Figure 2: Detail of the Yersinia pestis phylogenetic tree marked to show the later medieval polytomy (the “Big Bang,” circled in red) and the new branches it created, both those retrieved from aDNA (black labels) and those from modern isolates (peach-colored labels). The African branch is “1.ANT.” From: Monica H. Green, “Putting Africa on the Black Death Map: Narratives from Genetics and History,” Afriques 9 (2018), https://journals.openedition.org/afriques/2125.

My ultimate goal in diving headlong into plague research had always been pedagogical. The blogpost I wrote for Arc Humanities in 2015 focused on my teaching, and I’m proud to say that my 2018 essay, “On Learning How to Teach the Black Death,” has been the second most frequently viewed and downloaded item on my public webpage.

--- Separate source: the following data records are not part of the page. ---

(* When the algorithm Classifier is run on any configuration $G$ with $n$ nodes, there exists an iteration $i\in\{1,\ldots,\lceil n/2\rceil\}$ of its main loop in which either the "Yes" condition or the "No" condition holds, so that Classifier terminates with an output.
   Context: A configuration is a finite simple undirected connected graph $G$ with $n$ nodes, each node $v$ having a non-negative integer wakeup tag $t_v$; the span $\sigma$ is the largest tag (the smallest tag being $0$). Algorithm Classifier (centralized, input $G$). It maintains a partition of the nodes into classes, with $\mathrm{class}(v)\in\{1,\ldots,\mathit{numClasses}\}$. Initially all nodes are in class $1$ and $\mathit{numClasses}=1$. One iteration (procedure Partitioner) does: for each node $v$, compute its label $L_v$, the set of triples obtained as follows: for each neighbour $w$ of $v$ with $\mathrm{class}(w)\ne\mathrm{class}(v)$ or $t_w\ne t_v$, form the pair $(\mathrm{class}(w),\sigma+1+t_w-t_v)$; for each distinct pair $(a,b)$ so formed, $L_v$ contains $(a,b,1)$ if exactly one such neighbour yields $(a,b)$ and $(a,b,* )$ if at least two do. Then the partition is refined: two nodes are in the same new class iff they were in the same class before the iteration and have equal labels; classes are renumbered $1,\ldots,\mathit{numClasses}$ with $\mathit{numClasses}$ the new number of classes. Main loop: for $i=1,\ldots,\lceil n/2\rceil$: let $\mathit{old}=\mathit{numClasses}$; perform one iteration; if some class contains exactly one node, output "Yes" and stop (the "Yes" condition); otherwise, if $\mathit{numClasses}=\mathit{old}$, output "No" and stop (the "No" condition). *)

theory Defs
  imports Main
begin

definition configuration :: "'a set \<Rightarrow> ('a \<Rightarrow> 'a \<Rightarrow> bool) \<Rightarrow> ('a \<Rightarrow> nat) \<Rightarrow> bool" where
  "configuration V E t \<longleftrightarrow>
     finite V \<and> V \<noteq> {} \<and>
     (\<forall>u v. E u v \<longrightarrow> u \<in> V \<and> v \<in> V) \<and>
     (\<forall>u v. E u v \<longrightarrow> E v u) \<and>
     (\<forall>v. \<not> E v v) \<and>
     (\<forall>u\<in>V. \<forall>v\<in>V. E\<^sup>*\<^sup>* u v) \<and>
     (\<exists>v\<in>V. t v = 0)"

definition span :: "'a set \<Rightarrow> ('a \<Rightarrow> nat) \<Rightarrow> nat" where
  "span V t = Max (t ` V)"

datatype mult = One | Many

text \<open>A partition of V is represented by the map sending each node to its class
  (the set of nodes in its class); the class itself serves as canonical class identifier.\<close>

definition rel_nbrs :: "'a set \<Rightarrow> ('a \<Rightarrow> 'a \<Rightarrow> bool) \<Rightarrow> ('a \<Rightarrow> nat) \<Rightarrow> ('a \<Rightarrow> 'a set) \<Rightarrow> 'a \<Rightarrow> 'a set" where
  "rel_nbrs V E t cls v = {w \<in> V. E v w \<and> (cls w \<noteq> cls v \<or> t w \<noteq> t v)}"

definition nbr_pair :: "'a set \<Rightarrow> ('a \<Rightarrow> nat) \<Rightarrow> ('a \<Rightarrow> 'a set) \<Rightarrow> 'a \<Rightarrow> 'a \<Rightarrow> 'a set \<times> int" where
  "nbr_pair V t cls v w = (cls w, int (span V t) + 1 + int (t w) - int (t v))"

definition label :: "'a set \<Rightarrow> ('a \<Rightarrow> 'a \<Rightarrow> bool) \<Rightarrow> ('a \<Rightarrow> nat) \<Rightarrow> ('a \<Rightarrow> 'a set) \<Rightarrow> 'a \<Rightarrow> ('a set \<times> int \<times> mult) set" where
  "label V E t cls v =
     {(a, b, m). (\<exists>w \<in> rel_nbrs V E t cls v. nbr_pair V t cls v w = (a, b)) \<and>
        m = (if card {w \<in> rel_nbrs V E t cls v. nbr_pair V t cls v w = (a, b)} = 1
             then One else Many)}"

definition partitioner :: "'a set \<Rightarrow> ('a \<Rightarrow> 'a \<Rightarrow> bool) \<Rightarrow> ('a \<Rightarrow> nat) \<Rightarrow> ('a \<Rightarrow> 'a set) \<Rightarrow> ('a \<Rightarrow> 'a set)" where
  "partitioner V E t cls = (\<lambda>v. {u \<in> V. cls u = cls v \<and> label V E t cls u = label V E t cls v})"

definition classes_after :: "'a set \<Rightarrow> ('a \<Rightarrow> 'a \<Rightarrow> bool) \<Rightarrow> ('a \<Rightarrow> nat) \<Rightarrow> nat \<Rightarrow> ('a \<Rightarrow> 'a set)" where
  "classes_after V E t k = (partitioner V E t ^^ k) (\<lambda>_. V)"

definition num_classes :: "'a set \<Rightarrow> ('a \<Rightarrow> 'a \<Rightarrow> bool) \<Rightarrow> ('a \<Rightarrow> nat) \<Rightarrow> nat \<Rightarrow> nat" where
  "num_classes V E t k = card (classes_after V E t k ` V)"

definition yes_cond :: "'a set \<Rightarrow> ('a \<Rightarrow> 'a \<Rightarrow> bool) \<Rightarrow> ('a \<Rightarrow> nat) \<Rightarrow> nat \<Rightarrow> bool" where
  "yes_cond V E t i \<longleftrightarrow> (\<exists>v \<in> V. card (classes_after V E t i v) = 1)"

definition no_cond :: "'a set \<Rightarrow> ('a \<Rightarrow> 'a \<Rightarrow> bool) \<Rightarrow> ('a \<Rightarrow> nat) \<Rightarrow> nat \<Rightarrow> bool" where
  "no_cond V E t i \<longleftrightarrow> num_classes V E t i = num_classes V E t (i - 1)"

end

theory Submission
  imports Defs
begin

text \<open>Each iteration refines the partition, so the number of classes never decreases; if the
  "No" condition fails in iterations \<open>1, \<dots>, \<lceil>n/2\<rceil>\<close>, it grows strictly each time
  and exceeds \<open>\<lceil>n/2\<rceil>\<close>. If moreover the "Yes" condition fails in the last of these
  iterations, every class has at least two nodes, so there are at most \<open>n/2\<close> classes.\<close>

definition class_map :: "'a set \<Rightarrow> ('a \<Rightarrow> 'a set) \<Rightarrow> bool" where
  "class_map V cls \<longleftrightarrow>
     (\<forall>v\<in>V. v \<in> cls v \<and> cls v \<subseteq> V \<and> (\<forall>u\<in>V. u \<in> cls v \<longleftrightarrow> cls u = cls v))"

lemma class_map_const: "class_map V (\<lambda>_. V)"
  unfolding class_map_def by auto

lemma class_map_partitioner: "class_map V (partitioner V E t cls)"
  unfolding class_map_def partitioner_def by auto

lemma classes_after_0: "classes_after V E t 0 = (\<lambda>_. V)"
  unfolding classes_after_def by simp

lemma classes_after_Suc:
  "classes_after V E t (Suc k) = partitioner V E t (classes_after V E t k)"
  unfolding classes_after_def by simp

lemma class_map_classes_after: "class_map V (classes_after V E t k)"
  by (cases k) (simp_all add: classes_after_0 classes_after_Suc class_map_const class_map_partitioner)

lemma partitioner_refines:
  assumes "u \<in> V" "partitioner V E t cls u = partitioner V E t cls v"
  shows "cls u = cls v"
proof -
  have "u \<in> partitioner V E t cls u" using assms(1) unfolding partitioner_def by simp
  then show ?thesis using assms(2) unfolding partitioner_def by simp
qed

lemma card_image_le_if_finer:
  assumes "finite V" and finer: "\<And>u v. u \<in> V \<Longrightarrow> v \<in> V \<Longrightarrow> f u = f v \<Longrightarrow> g u = g v"
  shows "card (g ` V) \<le> card (f ` V)"
proof (rule surj_card_le)
  show "g ` V \<subseteq> (\<lambda>x. g (inv_into V f x)) ` f ` V"
  proof
    fix y assume "y \<in> g ` V"
    then obtain v where v: "v \<in> V" "y = g v" by blast
    then have "g (inv_into V f (f v)) = y"
      using finer[of "inv_into V f (f v)" v] by (simp add: inv_into_into f_inv_into_f)
    then show "y \<in> (\<lambda>x. g (inv_into V f x)) ` f ` V" using v by blast
  qed
qed (use assms in simp)

lemma num_classes_Suc_ge:
  assumes "finite V"
  shows "num_classes V E t k \<le> num_classes V E t (Suc k)"
  unfolding num_classes_def classes_after_Suc
  using assms by (rule card_image_le_if_finer) (rule partitioner_refines)

lemma num_classes_ge_if_not_no_cond:
  assumes "finite V" "V \<noteq> {}" "\<forall>i\<in>{1..k}. \<not> no_cond V E t i"
  shows "k + 1 \<le> num_classes V E t k"
  using assms(3)
proof (induction k)
  case 0
  have "(\<lambda>_. V) ` V = {V}" using assms(2) by blast
  then show ?case by (simp add: num_classes_def classes_after_0)
next
  case (Suc k)
  then have "\<not> no_cond V E t (Suc k)" by simp
  then have "num_classes V E t (Suc k) \<noteq> num_classes V E t k"
    by (simp add: no_cond_def)
  with Suc num_classes_Suc_ge[OF assms(1), of E t k] show ?case by fastforce
qed

lemma card_Union_ge_two_mul_card:
  assumes "finite (\<Union>P)" "pairwise disjnt P" "\<And>A. A \<in> P \<Longrightarrow> 2 \<le> card A"
  shows "2 * card P \<le> card (\<Union>P)"
proof -
  have "finite P" "\<And>A. A \<in> P \<Longrightarrow> finite A"
    using assms(1) finite_UnionD by (blast intro: finite_subset)+
  then have "card (\<Union>P) = (\<Sum>A\<in>P. card A)" using assms(2) by (simp add: card_Union_disjoint)
  also have "\<dots> \<ge> (\<Sum>A\<in>P. 2)" by (rule sum_mono) (rule assms(3))
  finally show ?thesis by (simp add: mult.commute)
qed

lemma class_map_pairwise_disjnt:
  assumes "class_map V cls"
  shows "pairwise disjnt (cls ` V)"
proof (rule pairwiseI, clarify)
  fix u v assume uv: "u \<in> V" "v \<in> V" "cls u \<noteq> cls v"
  show "disjnt (cls u) (cls v)"
    unfolding disjnt_iff
  proof (intro allI notI, elim conjE)
    fix w assume "w \<in> cls u" "w \<in> cls v"
    with assms uv have "cls w = cls u" "cls w = cls v"
      unfolding class_map_def by blast+
    with uv show False by simp
  qed
qed

lemma class_map_Union: "class_map V cls \<Longrightarrow> \<Union> (cls ` V) = V"
  unfolding class_map_def by blast

lemma two_mul_num_classes_le_card:
  assumes "finite V" "\<not> yes_cond V E t k"
  shows "2 * num_classes V E t k \<le> card V"
proof -
  let ?cls = "classes_after V E t k"
  have cm: "class_map V ?cls" by (rule class_map_classes_after)
  have "2 \<le> card (?cls v)" if "v \<in> V" for v
  proof -
    have "?cls v \<noteq> {}" "finite (?cls v)"
      using cm that assms(1) unfolding class_map_def by (auto intro: finite_subset)
    moreover have "card (?cls v) \<noteq> 1" using assms(2) that unfolding yes_cond_def by blast
    ultimately show ?thesis by (metis One_nat_def card_0_eq less_2_cases not_less)
  qed
  then have "2 * card (?cls ` V) \<le> card (\<Union> (?cls ` V))"
    using assms(1) class_map_pairwise_disjnt[OF cm]
    by (intro card_Union_ge_two_mul_card) (auto simp: class_map_Union[OF cm])
  then show ?thesis by (simp add: num_classes_def class_map_Union[OF cm])
qed

theorem lemma1:
  fixes V :: "'a set" and E :: "'a \<Rightarrow> 'a \<Rightarrow> bool" and t :: "'a \<Rightarrow> nat"
  assumes "configuration V E t"
  shows "\<exists>i \<in> {1..(card V + 1) div 2}. yes_cond V E t i \<or> no_cond V E t i"
proof (rule ccontr)
  assume none: "\<not> ?thesis"
  define K where "K = (card V + 1) div 2"
  have fin: "finite V" and ne: "V \<noteq> {}" using assms unfolding configuration_def by auto
  then have "1 \<le> K" unfolding K_def by (simp add: card_gt_0_iff Suc_le_eq)
  then have "\<not> yes_cond V E t K" using none unfolding K_def by auto
  with fin have "2 * num_classes V E t K \<le> card V"
    by (rule two_mul_num_classes_le_card)
  moreover have "K + 1 \<le> num_classes V E t K"
    using fin ne none unfolding K_def by (intro num_classes_ge_if_not_no_cond) auto
  ultimately show False unfolding K_def by linarith
qed

end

So yes, this project was “big.” And “bold” (or boldly ambitious), too. But was it “urgent”? Five years ago this month, I left Princeton and was driving home to Arizona. When I had radio reception, I was listening to news coming out of West Africa. The still-uncontained outbreak of Ebola was taking dozens of lives every week. The barely contained panic in the reports was palpable. When I returned home, I knew that my task—the one way I could help as a historian—was to “teach the crisis.” With a new colleague-in-arms, Stephen Casper, I started an Ebola Archive: the crisis could best be understood, we thought, by getting a sense of where the disease came from, where it might be heading, and how those most immediately affected (not simply healthcare providers but the local populace) might have understood what they were experiencing. In other words, we attempted to bring all the perspectives that I and my colleagues had just used to approach the Black Death. In January 2015, I wrote up a new foreword to the print edition to Pandemic Disease: “The Black Death and Ebola: On the Value of Comparison.” It breaks my heart to re-read it now, with a new Ebola epidemic still out-of-control in the Democratic Republic of Congo.

What does the medieval past have to teach the present? Sometimes, looking for “medievalness” is the wrong thing to do. Madagascar’s outbreak of plague in 2017 had nothing to do with the Middle Ages, but everything to do with the modern processes of globalized trade and labor. But we only know when and how to make such comparisons by having a deeply immersed understanding of both past and present. The “new plague paradigm” has proved a powerful tool, not simply for geneticists (for whom Y. pestis has now become a “model organism”), but for historians and archaeologists, too. If I could give a directive to other medievalists, it would likewise be to “do something big, bold, and urgent.”